(* Let $v_1,\ldots,v_n$ be a matching ordering of a tournament $G$. If $v$ is a vertex of $G$ with indegree $b$, then $v$ is one of $v_b$, $v_{b+1}$, $v_{b+2}$. Moreover, $v=v_b$ if and only if $v$ is the head of a backedge, $v=v_{b+2}$ if and only if $v$ is the tail of a backedge, and $v=v_{b+1}$ if and only if $v$ is not an end of any backedge.
   Context: A tournament is a finite, non-null, loopless directed graph in which for any two distinct vertices $u,v$ there is exactly one edge with both ends in $\{u,v\}$. The indegree of $v$ is the number of vertices $u$ with an edge from $u$ to $v$. Given an ordering $v_1,\dots,v_n$ of the vertices, a backedge is an edge from $v_j$ to $v_i$ with $j>i$ (tail $v_j$, head $v_i$); the ordering is a matching ordering if every vertex is the head or tail of at most one backedge. *)

theory Defs
  imports Main
begin

definition tournament :: "'a set \<Rightarrow> ('a \<times> 'a) set \<Rightarrow> bool" where
  "tournament V E \<longleftrightarrow> finite V \<and> V \<noteq> {} \<and> E \<subseteq> V \<times> V \<and>
     (\<forall>u\<in>V. (u,u) \<notin> E) \<and>
     (\<forall>u\<in>V. \<forall>w\<in>V. u \<noteq> w \<longrightarrow> ((u,w) \<in> E \<longleftrightarrow> (w,u) \<notin> E))"

definition indegree :: "'a set \<Rightarrow> ('a \<times> 'a) set \<Rightarrow> 'a \<Rightarrow> nat" where
  "indegree V E x = card {u \<in> V. (u,x) \<in> E}"

definition is_ordering :: "'a set \<Rightarrow> (nat \<Rightarrow> 'a) \<Rightarrow> bool" where
  "is_ordering V v \<longleftrightarrow> bij_betw v {1..card V} V"

text \<open>Backedges, as pairs of positions (i,j): an edge from v_j (tail) to v_i (head) with j > i.\<close>
definition backedges :: "'a set \<Rightarrow> ('a \<times> 'a) set \<Rightarrow> (nat \<Rightarrow> 'a) \<Rightarrow> (nat \<times> nat) set" where
  "backedges V E v = {(i,j). 1 \<le> i \<and> i < j \<and> j \<le> card V \<and> (v j, v i) \<in> E}"

definition is_head_of_backedge :: "'a set \<Rightarrow> ('a \<times> 'a) set \<Rightarrow> (nat \<Rightarrow> 'a) \<Rightarrow> nat \<Rightarrow> bool" where
  "is_head_of_backedge V E v k \<longleftrightarrow> (\<exists>j. (k,j) \<in> backedges V E v)"

definition is_tail_of_backedge :: "'a set \<Rightarrow> ('a \<times> 'a) set \<Rightarrow> (nat \<Rightarrow> 'a) \<Rightarrow> nat \<Rightarrow> bool" where
  "is_tail_of_backedge V E v k \<longleftrightarrow> (\<exists>i. (i,k) \<in> backedges V E v)"

definition matching_ordering :: "'a set \<Rightarrow> ('a \<times> 'a) set \<Rightarrow> (nat \<Rightarrow> 'a) \<Rightarrow> bool" where
  "matching_ordering V E v \<longleftrightarrow> is_ordering V v \<and>
     (\<forall>k\<in>{1..card V}. card {(i,j) \<in> backedges V E v. i = k \<or> j = k} \<le> 1)"

end

theory Submission
  imports Defs
begin

text \<open>The in-neighbours of \<open>v\<^sub>k\<close> are the earlier vertices, except the heads of backedges out
  of \<open>v\<^sub>k\<close>, together with the tails of backedges into \<open>v\<^sub>k\<close>. Hence
  \<open>indegree (v\<^sub>k) + #(backedges out of v\<^sub>k) = k - 1 + #(backedges into v\<^sub>k)\<close> in any ordering
  of a tournament; in a matching ordering at most one of the two counts is nonzero and it is
  at most 1, which pins \<open>k\<close> down to \<open>b\<close>, \<open>b + 1\<close> or \<open>b + 2\<close>.\<close>

definition back_in :: "'a set \<Rightarrow> ('a \<times> 'a) set \<Rightarrow> (nat \<Rightarrow> 'a) \<Rightarrow> nat \<Rightarrow> nat set" where
  "back_in V E v k = {j. (k, j) \<in> backedges V E v}"

definition back_out :: "'a set \<Rightarrow> ('a \<times> 'a) set \<Rightarrow> (nat \<Rightarrow> 'a) \<Rightarrow> nat \<Rightarrow> nat set" where
  "back_out V E v k = {i. (i, k) \<in> backedges V E v}"

lemma back_in_eq:
  "k \<ge> 1 \<Longrightarrow> back_in V E v k = {j. k < j \<and> j \<le> card V \<and> (v j, v k) \<in> E}"
  by (auto simp: back_in_def backedges_def)

lemma back_out_eq:
  "k \<le> card V \<Longrightarrow> back_out V E v k = {i. 1 \<le> i \<and> i < k \<and> (v k, v i) \<in> E}"
  by (auto simp: back_out_def backedges_def)

lemma back_in_subset: "back_in V E v k \<subseteq> {k<..card V}"
  by (auto simp: back_in_def backedges_def)

lemma finite_back_in: "finite (back_in V E v k)"
  using finite_subset[OF back_in_subset] by simp

lemma back_out_subset: "back_out V E v k \<subseteq> {1..<k}"
  by (auto simp: back_out_def backedges_def)

lemma finite_back_out: "finite (back_out V E v k)"
  using finite_subset[OF back_out_subset] by simp

lemma is_head_of_backedge_iff: "is_head_of_backedge V E v k \<longleftrightarrow> card (back_in V E v k) \<noteq> 0"
proof -
  have "is_head_of_backedge V E v k \<longleftrightarrow> back_in V E v k \<noteq> {}"
    by (auto simp: is_head_of_backedge_def back_in_def)
  then show ?thesis
    by (simp add: finite_back_in)
qed

lemma is_tail_of_backedge_iff: "is_tail_of_backedge V E v k \<longleftrightarrow> card (back_out V E v k) \<noteq> 0"
proof -
  have "is_tail_of_backedge V E v k \<longleftrightarrow> back_out V E v k \<noteq> {}"
    by (auto simp: is_tail_of_backedge_def back_out_def)
  then show ?thesis
    by (simp add: finite_back_out)
qed

lemma tournament_loop_free: "tournament V E \<Longrightarrow> (u, u) \<notin> E"
  unfolding tournament_def by blast

lemma tournament_edge_iff:
  "\<lbrakk>tournament V E; u \<in> V; w \<in> V; u \<noteq> w\<rbrakk> \<Longrightarrow> (u, w) \<in> E \<longleftrightarrow> (w, u) \<notin> E"
  unfolding tournament_def by blast

lemma indegree_eq_card_positions:
  assumes "is_ordering V v"
  shows "indegree V E x = card {i \<in> {1..card V}. (v i, x) \<in> E}"
proof -
  have bij: "bij_betw v {1..card V} V"
    using assms by (simp add: is_ordering_def)
  have "{u \<in> V. (u, x) \<in> E} = v ` {i \<in> {1..card V}. (v i, x) \<in> E}"
    using Compr_image_eq[of v "{1..card V}" "\<lambda>u. (u, x) \<in> E"] bij_betw_imp_surj_on[OF bij]
    by simp
  moreover have "inj_on v {i \<in> {1..card V}. (v i, x) \<in> E}"
    using bij_betw_imp_inj_on[OF bij] by (rule inj_on_subset) blast
  ultimately show ?thesis
    by (simp add: indegree_def card_image)
qed

lemma in_positions_eq:
  assumes "tournament V E" and "is_ordering V v" and k: "k \<in> {1..card V}"
  shows "{i \<in> {1..card V}. (v i, v k) \<in> E} = ({1..<k} - back_out V E v k) \<union> back_in V E v k"
proof -
  have bij: "bij_betw v {1..card V} V"
    using assms(2) by (simp add: is_ordering_def)
  have vk: "v k \<in> V"
    using bij_betwE[OF bij] k by blast
  have earlier: "(v i, v k) \<in> E \<longleftrightarrow> (v k, v i) \<notin> E" if "1 \<le> i" "i < k" for i
  proof -
    have i: "i \<in> {1..card V}"
      using that k by simp
    then have "v i \<noteq> v k"
      using inj_on_contraD[OF bij_betw_imp_inj_on[OF bij] _ i k] that(2) by simp
    moreover have "v i \<in> V"
      using bij_betwE[OF bij] i by blast
    ultimately show ?thesis
      using tournament_edge_iff[OF assms(1) _ vk] by blast
  qed
  show ?thesis
  proof (rule set_eqI)
    fix i
    consider "i < k" | "i = k" | "k < i"
      by linarith
    then show "i \<in> {i \<in> {1..card V}. (v i, v k) \<in> E} \<longleftrightarrow>
               i \<in> ({1..<k} - back_out V E v k) \<union> back_in V E v k"
      by cases (use k tournament_loop_free[OF assms(1)] earlier in \<open>auto simp: back_in_eq back_out_eq\<close>)
  qed
qed

lemma indegree_add_card_back_out:
  assumes "tournament V E" and "is_ordering V v" and k: "k \<in> {1..card V}"
  shows "indegree V E (v k) + card (back_out V E v k) = (k - 1) + card (back_in V E v k)"
proof -
  have disjoint: "({1..<k} - back_out V E v k) \<inter> back_in V E v k = {}"
    using back_in_subset by fastforce
  have back_out_le: "card (back_out V E v k) \<le> k - 1"
    using card_mono[OF _ back_out_subset] by simp
  have "indegree V E (v k) = card (({1..<k} - back_out V E v k) \<union> back_in V E v k)"
    using indegree_eq_card_positions[OF assms(2)] in_positions_eq[OF assms] by simp
  also have "\<dots> = card ({1..<k} - back_out V E v k) + card (back_in V E v k)"
    using disjoint by (simp add: card_Un_disjoint finite_back_in)
  also have "\<dots> = (k - 1) - card (back_out V E v k) + card (back_in V E v k)"
    using card_Diff_subset[OF finite_back_out back_out_subset] by simp
  finally show ?thesis
    using back_out_le by simp
qed

lemma matching_card_back_in_add_back_out:
  assumes "matching_ordering V E v" and "k \<in> {1..card V}"
  shows "card (back_in V E v k) + card (back_out V E v k) \<le> 1"
proof -
  have "{(i, j) \<in> backedges V E v. i = k \<or> j = k}
      = Pair k ` back_in V E v k \<union> (\<lambda>i. (i, k)) ` back_out V E v k"
    by (auto simp: back_in_def back_out_def)
  moreover have "Pair k ` back_in V E v k \<inter> (\<lambda>i. (i, k)) ` back_out V E v k = {}"
    by (auto simp: back_in_def back_out_def backedges_def)
  moreover have "card (Pair k ` back_in V E v k) = card (back_in V E v k)"
    by (simp add: card_image inj_on_def)
  moreover have "card ((\<lambda>i. (i, k)) ` back_out V E v k) = card (back_out V E v k)"
    by (simp add: card_image inj_on_def)
  ultimately have "card {(i, j) \<in> backedges V E v. i = k \<or> j = k}
      = card (back_in V E v k) + card (back_out V E v k)"
    by (simp add: card_Un_disjoint finite_back_in finite_back_out)
  moreover have "card {(i, j) \<in> backedges V E v. i = k \<or> j = k} \<le> 1"
    using assms unfolding matching_ordering_def by blast
  ultimately show ?thesis
    by simp
qed

text \<open>\<open>h\<close> and \<open>t\<close> count the backedges into and out of \<open>v\<^sub>k\<close>.\<close>
lemma position_from_backedge_counts:
  fixes b k h t :: nat
  assumes "b + t = (k - 1) + h" and "h + t \<le> 1" and "1 \<le> k"
  shows "(k = b \<or> k = b + 1 \<or> k = b + 2) \<and> (k = b \<longleftrightarrow> h \<noteq> 0) \<and>
         (k = b + 2 \<longleftrightarrow> t \<noteq> 0) \<and> (k = b + 1 \<longleftrightarrow> h = 0 \<and> t = 0)"
  using assms by auto

theorem proposition5p1:
  fixes V :: "'a set" and E :: "('a \<times> 'a) set" and v :: "nat \<Rightarrow> 'a" and k b :: nat
  assumes "tournament V E"
    and "matching_ordering V E v"
    and "k \<in> {1..card V}"
    and "b = indegree V E (v k)"
  shows "(k = b \<or> k = b + 1 \<or> k = b + 2) \<and>
         (k = b \<longleftrightarrow> is_head_of_backedge V E v k) \<and>
         (k = b + 2 \<longleftrightarrow> is_tail_of_backedge V E v k) \<and>
         (k = b + 1 \<longleftrightarrow> \<not> is_head_of_backedge V E v k \<and> \<not> is_tail_of_backedge V E v k)"
proof -
  have "is_ordering V v"
    using assms(2) by (simp add: matching_ordering_def)
  then have "b + card (back_out V E v k) = (k - 1) + card (back_in V E v k)"
    using assms indegree_add_card_back_out by blast
  moreover have "card (back_in V E v k) + card (back_out V E v k) \<le> 1"
    using assms(2,3) by (rule matching_card_back_in_add_back_out)
  moreover have "1 \<le> k"
    using assms(3) by simp
  ultimately have "(k = b \<or> k = b + 1 \<or> k = b + 2) \<and>
      (k = b \<longleftrightarrow> card (back_in V E v k) \<noteq> 0) \<and>
      (k = b + 2 \<longleftrightarrow> card (back_out V E v k) \<noteq> 0) \<and>
      (k = b + 1 \<longleftrightarrow> card (back_in V E v k) = 0 \<and> card (back_out V E v k) = 0)"
    by (rule position_from_backedge_counts)
  then show ?thesis
    unfolding is_head_of_backedge_iff is_tail_of_backedge_iff not_not .
qed

end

## Problem description
Taking the listing above as the source, transcribe only the lines starting at the line with "using disjoint by" and going through the line with "by (auto simp: back_in_def back_out_def backedges_def)", unaltered and with both ends included.

## Expected output
    using disjoint by (simp add: card_Un_disjoint finite_back_in)
  also have "\<dots> = (k - 1) - card (back_out V E v k) + card (back_in V E v k)"
    using card_Diff_subset[OF finite_back_out back_out_subset] by simp
  finally show ?thesis
    using back_out_le by simp
qed

lemma matching_card_back_in_add_back_out:
  assumes "matching_ordering V E v" and "k \<in> {1..card V}"
  shows "card (back_in V E v k) + card (back_out V E v k) \<le> 1"
proof -
  have "{(i, j) \<in> backedges V E v. i = k \<or> j = k}
      = Pair k ` back_in V E v k \<union> (\<lambda>i. (i, k)) ` back_out V E v k"
    by (auto simp: back_in_def back_out_def)
  moreover have "Pair k ` back_in V E v k \<inter> (\<lambda>i. (i, k)) ` back_out V E v k = {}"
    by (auto simp: back_in_def back_out_def backedges_def)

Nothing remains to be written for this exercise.